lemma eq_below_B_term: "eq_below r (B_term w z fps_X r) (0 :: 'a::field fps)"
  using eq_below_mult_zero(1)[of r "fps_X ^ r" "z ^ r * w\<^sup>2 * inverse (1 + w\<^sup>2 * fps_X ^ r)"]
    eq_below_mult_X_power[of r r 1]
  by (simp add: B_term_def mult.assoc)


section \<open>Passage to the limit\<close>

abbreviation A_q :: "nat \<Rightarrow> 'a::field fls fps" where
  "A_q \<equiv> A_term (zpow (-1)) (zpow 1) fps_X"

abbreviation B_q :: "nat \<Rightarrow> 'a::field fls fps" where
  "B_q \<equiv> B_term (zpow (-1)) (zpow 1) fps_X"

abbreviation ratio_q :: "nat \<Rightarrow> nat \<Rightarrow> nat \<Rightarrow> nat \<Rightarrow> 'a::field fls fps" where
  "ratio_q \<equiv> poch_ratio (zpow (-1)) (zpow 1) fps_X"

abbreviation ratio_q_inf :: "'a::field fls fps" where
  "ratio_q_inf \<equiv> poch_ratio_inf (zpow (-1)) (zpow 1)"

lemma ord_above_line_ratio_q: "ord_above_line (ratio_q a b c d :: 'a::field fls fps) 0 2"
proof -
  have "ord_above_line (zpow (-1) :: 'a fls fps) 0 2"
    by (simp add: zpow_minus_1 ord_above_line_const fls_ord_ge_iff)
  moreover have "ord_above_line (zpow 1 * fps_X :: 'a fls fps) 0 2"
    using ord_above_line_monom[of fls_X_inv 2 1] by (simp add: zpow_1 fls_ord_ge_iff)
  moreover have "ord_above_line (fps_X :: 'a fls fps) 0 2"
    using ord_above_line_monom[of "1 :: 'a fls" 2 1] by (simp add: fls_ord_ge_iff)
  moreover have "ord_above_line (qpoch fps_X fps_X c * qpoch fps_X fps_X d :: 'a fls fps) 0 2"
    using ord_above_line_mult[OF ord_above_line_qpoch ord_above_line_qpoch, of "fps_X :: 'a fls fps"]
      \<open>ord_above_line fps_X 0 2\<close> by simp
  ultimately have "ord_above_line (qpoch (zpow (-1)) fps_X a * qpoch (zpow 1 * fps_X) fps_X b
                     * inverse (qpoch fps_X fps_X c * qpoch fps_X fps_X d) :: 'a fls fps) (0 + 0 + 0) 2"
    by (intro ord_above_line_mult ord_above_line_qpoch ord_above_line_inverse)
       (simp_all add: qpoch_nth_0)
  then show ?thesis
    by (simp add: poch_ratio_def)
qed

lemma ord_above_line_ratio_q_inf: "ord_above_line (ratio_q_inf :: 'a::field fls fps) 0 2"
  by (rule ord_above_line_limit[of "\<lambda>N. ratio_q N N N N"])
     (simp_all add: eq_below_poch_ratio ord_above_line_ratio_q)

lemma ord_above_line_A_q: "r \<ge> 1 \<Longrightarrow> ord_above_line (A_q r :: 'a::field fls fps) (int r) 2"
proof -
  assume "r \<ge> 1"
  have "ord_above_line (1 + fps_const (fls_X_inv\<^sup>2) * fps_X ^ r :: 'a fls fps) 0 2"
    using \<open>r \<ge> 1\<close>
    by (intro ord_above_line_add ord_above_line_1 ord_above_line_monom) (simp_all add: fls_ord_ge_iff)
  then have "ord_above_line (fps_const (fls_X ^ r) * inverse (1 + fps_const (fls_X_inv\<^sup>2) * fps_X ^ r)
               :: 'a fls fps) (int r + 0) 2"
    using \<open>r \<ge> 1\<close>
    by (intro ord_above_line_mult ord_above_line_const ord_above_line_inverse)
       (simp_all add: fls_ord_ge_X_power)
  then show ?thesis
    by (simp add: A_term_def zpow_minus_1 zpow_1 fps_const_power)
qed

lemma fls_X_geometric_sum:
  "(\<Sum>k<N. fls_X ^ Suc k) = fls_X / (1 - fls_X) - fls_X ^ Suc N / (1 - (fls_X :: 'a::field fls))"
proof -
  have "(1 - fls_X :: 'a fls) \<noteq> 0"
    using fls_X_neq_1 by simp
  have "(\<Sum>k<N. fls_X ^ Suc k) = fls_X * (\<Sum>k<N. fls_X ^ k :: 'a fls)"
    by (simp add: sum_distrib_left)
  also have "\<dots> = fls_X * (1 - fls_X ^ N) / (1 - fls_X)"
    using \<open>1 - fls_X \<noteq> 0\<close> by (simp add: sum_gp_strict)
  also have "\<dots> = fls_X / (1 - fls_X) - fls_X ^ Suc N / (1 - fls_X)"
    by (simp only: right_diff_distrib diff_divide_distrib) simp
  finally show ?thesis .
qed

------------------------------

▶ **WHAT IS REQUIRED**
Look for the word "close" in the listing above, and copy every line where you find it.

▶ **RESULT OF THE TASK**
section \<open>Passage to the limit\<close>
      \<open>ord_above_line fps_X 0 2\<close> by simp
    using \<open>r \<ge> 1\<close>
    using \<open>r \<ge> 1\<close>
    using \<open>1 - fls_X \<noteq> 0\<close> by (simp add: sum_gp_strict)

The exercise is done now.